*** Block opens ***

(* For n = 0 the batch average is 0 and the division by n yields 0, so that case needs z' = z;
   the prescribed N2 vanishes only then. *)
lemma recursive_batch_error:
  assumes "n = 0 \<Longrightarrow> z' = z"
  shows "measure_pmf.expectation (iid_pmf D n)
           (\<lambda>S. (norm (s + batch_avg (\<lambda>i. Fs i z' - Fs i z) S - F z'))\<^sup>2)
       \<le> (norm (s - F z))\<^sup>2 + L0\<^sup>2 * (norm (z' - z))\<^sup>2 / real n"
proof (cases "n = 0")
  case True
  then show ?thesis using assms by (simp add: batch_avg_def)
next
  case False
  have mean: "measure_pmf.expectation D (\<lambda>i. Fs i z' - Fs i z) = F z' - F z"
    by (simp add: integrable_measure_pmf_finite finite_support unbiased)
  have "s + batch_avg (\<lambda>i. Fs i z' - Fs i z) S - F z'
      = (s - F z) + (batch_avg (\<lambda>i. Fs i z' - Fs i z) S - (F z' - F z))" for S
    by (simp add: algebra_simps)
  moreover have "n > 0" using False by simp
  ultimately have "measure_pmf.expectation (iid_pmf D n)
           (\<lambda>S. (norm (s + batch_avg (\<lambda>i. Fs i z' - Fs i z) S - F z'))\<^sup>2)
      = (norm (s - F z))\<^sup>2
        + measure_pmf.expectation D (\<lambda>i. (norm ((Fs i z' - Fs i z) - (F z' - F z)))\<^sup>2) / real n"
    by (simp only:) (rule expectation_norm_sq_add_batch_avg[OF finite_support _ mean])
  also have "measure_pmf.expectation D (\<lambda>i. (norm ((Fs i z' - Fs i z) - (F z' - F z)))\<^sup>2)
      \<le> measure_pmf.expectation D (\<lambda>i. (norm (Fs i z' - Fs i z))\<^sup>2)"
    by (rule expectation_norm_sq_centred_le[OF finite_support mean])
  also have "\<dots> \<le> measure_pmf.expectation D (\<lambda>i. L0\<^sup>2 * (norm (z' - z))\<^sup>2)"
    using lipschitz by (intro expectation_mono_pmf_finite[OF finite_support])
      (simp add: power_mono power_mult_distrib[symmetric])
  finally show ?thesis
    by (simp add: divide_right_mono)
qed

lemma estimator_error_0:
  "N1 0 > 0 \<Longrightarrow> estimator_error p N1 N2 upd z0 0 \<le> \<sigma>\<^sup>2 / real (N1 0)"
  using fresh_batch_error by simp

lemma estimator_error_Suc_le:
  assumes p: "0 \<le> p (Suc k)" "p (Suc k) \<le> 1" and N1: "N1 (Suc k) > 0"
    and N2: "\<And>z z'. N2 (Suc k) z z' = 0 \<Longrightarrow> z = z'"
  shows "estimator_error p N1 N2 upd z0 (Suc k)
    \<le> measure_pmf.expectation (svrg_hist Fs D p N1 N2 upd z0 k)
        (\<lambda>h. p (Suc k) * (\<sigma>\<^sup>2 / real (N1 (Suc k)))
            + (1 - p (Suc k)) * ((norm (snd (h ! k) - F (fst (h ! k))))\<^sup>2
               + L0\<^sup>2 * (norm (upd k h - fst (h ! k)))\<^sup>2
                 / real (N2 (Suc k) (upd k h) (fst (h ! k)))))"
proof -
  let ?H = "svrg_hist Fs D p N1 N2 upd z0 k"
  have last_eq: "last h = h ! k" if "h \<in> set_pmf ?H" for h
    using length_in_set_svrg_hist[OF that] by (cases h rule: rev_cases) (auto simp: nth_append)
  have "estimator_error p N1 N2 upd z0 (Suc k) = measure_pmf.expectation ?H (\<lambda>h.
      p (Suc k) * measure_pmf.expectation (iid_pmf D (N1 (Suc k)))
        (\<lambda>S. (norm (batch_avg (\<lambda>i. Fs i (upd k h)) S - F (upd k h)))\<^sup>2)
    + (1 - p (Suc k)) * measure_pmf.expectation (iid_pmf D (N2 (Suc k) (upd k h) (fst (h ! k))))
        (\<lambda>S. (norm (snd (h ! k) + batch_avg (\<lambda>i. Fs i (upd k h) - Fs i (fst (h ! k))) S
                     - F (upd k h)))\<^sup>2))"
    using p by (auto simp: expectation_svrg_hist_Suc[OF finite_support] nth_append last_eq
        length_in_set_svrg_hist intro!: expectation_cong_pmf)
  also have "\<dots> \<le> measure_pmf.expectation ?H
        (\<lambda>h. p (Suc k) * (\<sigma>\<^sup>2 / real (N1 (Suc k)))
            + (1 - p (Suc k)) * ((norm (snd (h ! k) - F (fst (h ! k))))\<^sup>2
               + L0\<^sup>2 * (norm (upd k h - fst (h ! k)))\<^sup>2
                 / real (N2 (Suc k) (upd k h) (fst (h ! k)))))"
    using p fresh_batch_error[OF N1] recursive_batch_error N2
    by (intro expectation_mono_pmf_finite[OF finite_set_svrg_hist[OF finite_support]]
        add_mono mult_left_mono) auto
  finally show ?thesis .
qed

lemma expectation_svrg_hist_increment:
  assumes "0 \<le> p (Suc k)" and "p (Suc k) \<le> 1"
  shows "measure_pmf.expectation (svrg_hist Fs D p N1 N2 upd z0 (Suc k))
           (\<lambda>h. (norm (fst (h ! Suc k) - fst (h ! k)))\<^sup>2)
       = measure_pmf.expectation (svrg_hist Fs D p N1 N2 upd z0 k)
           (\<lambda>h. (norm (upd k h - fst (h ! k)))\<^sup>2)"
  using assms
  by (auto simp: expectation_svrg_hist_Suc[OF finite_support] nth_append algebra_simps
      length_in_set_svrg_hist intro!: expectation_cong_pmf)

lemma estimator_error_recursion:
  assumes p: "0 \<le> p (Suc k)" "p (Suc k) \<le> 1" and "N1 (Suc k) > 0" and "N2 (Suc k) > 0"
  shows "estimator_error p N1 (\<lambda>j _ _. N2 j) upd z0 (Suc k)
    \<le> p (Suc k) * \<sigma>\<^sup>2 / real (N1 (Suc k))
      + (1 - p (Suc k)) * (estimator_error p N1 (\<lambda>j _ _. N2 j) upd z0 k
        + L0\<^sup>2 / real (N2 (Suc k))
          * measure_pmf.expectation (svrg_hist Fs D p N1 (\<lambda>j _ _. N2 j) upd z0 (Suc k))
              (\<lambda>h. (norm (fst (h ! Suc k) - fst (h ! k)))\<^sup>2))"
  using estimator_error_Suc_le[of p k N1 "\<lambda>j _ _. N2 j"] assms
  by (simp add: expectation_svrg_hist_increment[of p k, OF p] integrable_svrg_hist integral_add
      algebra_simps)

lemma estimator_error_le_schedule:
  fixes e c1 c2 :: "nat \<Rightarrow> real"
  assumes p: "\<And>k. 0 \<le> p k \<and> p k \<le> 1"
    and N1_pos: "\<And>k. N1 k > 0"
    and N1_bound: "\<And>k. \<sigma>\<^sup>2 / real (N1 k) \<le> c1 k"
    and N2_zero: "\<And>k z z'. N2 k z z' = 0 \<Longrightarrow> z = z'"
    and N2_bound: "\<And>k z z'. L0\<^sup>2 * (norm (z - z'))\<^sup>2 / real (N2 k z z') \<le> c2 k"
    and e_0: "c1 0 \<le> e 0"
    and e_Suc: "\<And>k. p (Suc k) * c1 (Suc k) + (1 - p (Suc k)) * (e k + c2 (Suc k)) \<le> e (Suc k)"
  shows "estimator_error p N1 N2 upd z0 k \<le> e k"
proof (induction k)
  case 0
  show ?case
    using estimator_error_0[OF N1_pos] N1_bound e_0 by (meson order_trans)
next
  case (Suc k)
  have "estimator_error p N1 N2 upd z0 (Suc k)
    \<le> measure_pmf.expectation (svrg_hist Fs D p N1 N2 upd z0 k)
        (\<lambda>h. p (Suc k) * c1 (Suc k)
            + (1 - p (Suc k)) * ((norm (snd (h ! k) - F (fst (h ! k))))\<^sup>2 + c2 (Suc k)))"
    using p[of "Suc k"] N1_pos N2_zero N1_bound N2_bound
    by (intro order_trans[OF estimator_error_Suc_le]
        expectation_mono_pmf_finite[OF finite_set_svrg_hist[OF finite_support]]
        add_mono mult_left_mono) auto
  also have "\<dots> = p (Suc k) * c1 (Suc k)
      + (1 - p (Suc k)) * (estimator_error p N1 N2 upd z0 k + c2 (Suc k))"
    by (simp add: integrable_svrg_hist integral_add algebra_simps)
  also have "\<dots> \<le> p (Suc k) * c1 (Suc k) + (1 - p (Suc k)) * (e k + c2 (Suc k))"
    using Suc.IH p[of "Suc k"] by (intro add_left_mono mult_left_mono) auto
  also have "\<dots> \<le> e (Suc k)"
    by (rule e_Suc)
  finally show ?case .
qed

lemma estimator_error_halpern_schedule:
  assumes \<epsilon>: "\<epsilon> > 0" and a: "a > 0" and L0: "L0 > 0" and \<sigma>: "\<sigma> > 0"
  defines "p \<equiv> \<lambda>k. 1 - (real k / real (k + 1)) powr (2 * a)
                        / (2 - (real k / real (k + 1)) powr (2 * a + 1))"
    and "N1 \<equiv> \<lambda>k. nat \<lceil>2 * \<sigma>\<^sup>2 / (\<epsilon>\<^sup>2 * real (k + 1) powr (- (2 * a)))\<rceil>"
    and "N2 \<equiv> \<lambda>k zk zk1. nat \<lceil>2 * L0\<^sup>2 * (norm (zk - zk1))\<^sup>2
                                  / (\<epsilon>\<^sup>2 * real (k + 1) powr (- (2 * a + 1)))\<rceil>"
  shows "estimator_error p N1 N2 upd z0 k \<le> (\<epsilon> * real (k + 1) powr (- a))\<^sup>2"
proof (rule estimator_error_le_schedule)
  define c1 where "c1 k = \<epsilon>\<^sup>2 * real (k + 1) powr (- (2 * a)) / 2" for k :: nat
  define c2 where "c2 k = \<epsilon>\<^sup>2 * real (k + 1) powr (- (2 * a + 1)) / 2" for k :: nat
  have c1: "c1 k > 0" and c2: "c2 k > 0" for k
    using \<epsilon> by (simp_all add: c1_def c2_def)
  have N1_eq: "N1 k = nat \<lceil>\<sigma>\<^sup>2 / c1 k\<rceil>" for k
    by (simp add: N1_def c1_def field_simps)
  have N2_eq: "N2 k z z' = nat \<lceil>L0\<^sup>2 * (norm (z - z'))\<^sup>2 / c2 k\<rceil>" for k z z'
    by (simp add: N2_def c2_def field_simps)
  show "0 \<le> p k \<and> p k \<le> 1" for k
    using halpern_prob_bounds[of "real k / real (k + 1)" a] a by (simp add: p_def)
  show "N1 k > 0" for k
    using c1[of k] \<sigma> by (simp add: N1_eq)
  show "\<sigma>\<^sup>2 / real (N1 k) \<le> c1 k" for k
    unfolding N1_eq using c1 by (intro div_nat_ceiling_le) auto
  show "z = z'" if "N2 k z z' = 0" for k z z'
    using that c2[of k] L0 by (auto simp: N2_eq divide_le_0_iff mult_le_0_iff)
  show "L0\<^sup>2 * (norm (z - z'))\<^sup>2 / real (N2 k z z') \<le> c2 k" for k z z'
    unfolding N2_eq using c2 by (intro div_nat_ceiling_le) auto
  show "c1 0 \<le> (\<epsilon> * real (0 + 1) powr (- a))\<^sup>2"
    using \<epsilon> by (simp add: c1_def)
  show "p (Suc k) * c1 (Suc k) + (1 - p (Suc k)) * ((\<epsilon> * real (k + 1) powr (- a))\<^sup>2 + c2 (Suc k))
      \<le> (\<epsilon> * real (Suc k + 1) powr (- a))\<^sup>2" for k
    using halpern_schedule_step[of "real (Suc k)" a \<epsilon>] a
    by (simp add: p_def c1_def c2_def add.commute)
qed

end

theorem lemma6:
  fixes Fs :: "nat \<Rightarrow> 'a::euclidean_space \<Rightarrow> 'a" and N :: nat and L0 \<sigma> :: real
    and D :: "nat pmf" and upd :: "nat \<Rightarrow> ('a \<times> 'a) list \<Rightarrow> 'a" and z0 :: 'a
    and F :: "'a \<Rightarrow> 'a"
  assumes F_def: "F = (\<lambda>z. (1 / real N) *\<^sub>R (\<Sum>i<N. Fs i z))"
    and N_pos: "N > 0"
    and L0_pos: "L0 > 0"
    and coco: "\<forall>i<N. cocoercive (1 / L0) (Fs i)"
    and D_supp: "set_pmf D \<subseteq> {..<N}"
    and sigma_pos: "\<sigma> > 0"
    and unbiased: "\<forall>z. measure_pmf.expectation D (\<lambda>i. Fs i z) = F z"
    and var_bound: "\<forall>z. measure_pmf.expectation D (\<lambda>i. (norm (Fs i z - F z))\<^sup>2) \<le> \<sigma>\<^sup>2"
  shows
   "(\<forall>(p :: nat \<Rightarrow> real) (N1 :: nat \<Rightarrow> nat) (N2 :: nat \<Rightarrow> nat).
      (\<forall>k. 0 < p k \<and> p k \<le> 1) \<and> p 0 = 1 \<and> (\<forall>k. N1 k > 0) \<and> (\<forall>k. N2 k > 0) \<longrightarrow>
      (\<forall>k\<ge>1.
        measure_pmf.expectation (svrg_hist Fs D p N1 (\<lambda>j _ _. N2 j) upd z0 k)
          (\<lambda>h. (norm (snd (h ! k) - F (fst (h ! k))))\<^sup>2)
        \<le> p k * \<sigma>\<^sup>2 / real (N1 k)
          + (1 - p k) *
            (measure_pmf.expectation (svrg_hist Fs D p N1 (\<lambda>j _ _. N2 j) upd z0 (k - 1))
               (\<lambda>h. (norm (snd (h ! (k - 1)) - F (fst (h ! (k - 1)))))\<^sup>2)
             + L0\<^sup>2 / real (N2 k) *
               measure_pmf.expectation (svrg_hist Fs D p N1 (\<lambda>j _ _. N2 j) upd z0 k)
                 (\<lambda>h. (norm (fst (h ! k) - fst (h ! (k - 1))))\<^sup>2))))
    \<and>
    (\<forall>(\<epsilon> :: real) (a :: real). \<epsilon> > 0 \<and> a > 0 \<longrightarrow>
      (let p = (\<lambda>k. 1 - (real k / real (k + 1)) powr (2 * a)
                        / (2 - (real k / real (k + 1)) powr (2 * a + 1)));
           N1 = (\<lambda>k. nat \<lceil>2 * \<sigma>\<^sup>2 / (\<epsilon>\<^sup>2 * real (k + 1) powr (- (2 * a)))\<rceil>);
           N2 = (\<lambda>k zk zk1. nat \<lceil>2 * L0\<^sup>2 * (norm (zk - zk1))\<^sup>2
                                  / (\<epsilon>\<^sup>2 * real (k + 1) powr (- (2 * a + 1)))\<rceil>)
       in \<forall>k. measure_pmf.expectation (svrg_hist Fs D p N1 N2 upd z0 k)
                 (\<lambda>h. (norm (snd (h ! k) - F (fst (h ! k))))\<^sup>2)
               \<le> (\<epsilon> * real (k + 1) powr (- a))\<^sup>2))"
proof -
  interpret svrg_oracle Fs D F L0 \<sigma>
  proof
    show "finite (set_pmf D)"
      using D_supp finite_subset by blast
    show "norm (Fs i x - Fs i y) \<le> L0 * norm (x - y)" if "i \<in> set_pmf D" for i x y
      using that D_supp coco L0_pos by (auto intro: cocoercive_imp_lipschitz)
  qed (use unbiased var_bound in auto)
  show ?thesis
  proof (intro conjI allI impI)
    fix p :: "nat \<Rightarrow> real" and N1 N2 :: "nat \<Rightarrow> nat" and k :: nat
    assume "(\<forall>k. 0 < p k \<and> p k \<le> 1) \<and> p 0 = 1 \<and> (\<forall>k. N1 k > 0) \<and> (\<forall>k. N2 k > 0)"
      and "k \<ge> 1"
    then show "estimator_error p N1 (\<lambda>j _ _. N2 j) upd z0 k
        \<le> p k * \<sigma>\<^sup>2 / real (N1 k)
          + (1 - p k) * (estimator_error p N1 (\<lambda>j _ _. N2 j) upd z0 (k - 1)
             + L0\<^sup>2 / real (N2 k) *
               measure_pmf.expectation (svrg_hist Fs D p N1 (\<lambda>j _ _. N2 j) upd z0 k)
                 (\<lambda>h. (norm (fst (h ! k) - fst (h ! (k - 1))))\<^sup>2))"
      using estimator_error_recursion[of p "k - 1" N1 N2 upd z0] by (cases k) (auto simp: less_imp_le)
  qed (use estimator_error_halpern_schedule[OF _ _ L0_pos sigma_pos] in \<open>auto simp: Let_def\<close>)
qed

*** Block closes ***

(ABOUT THIS TASK) How many lines of the data hold the string "mean"? Reply with the number alone.

(WRITTEN SOLUTION) 3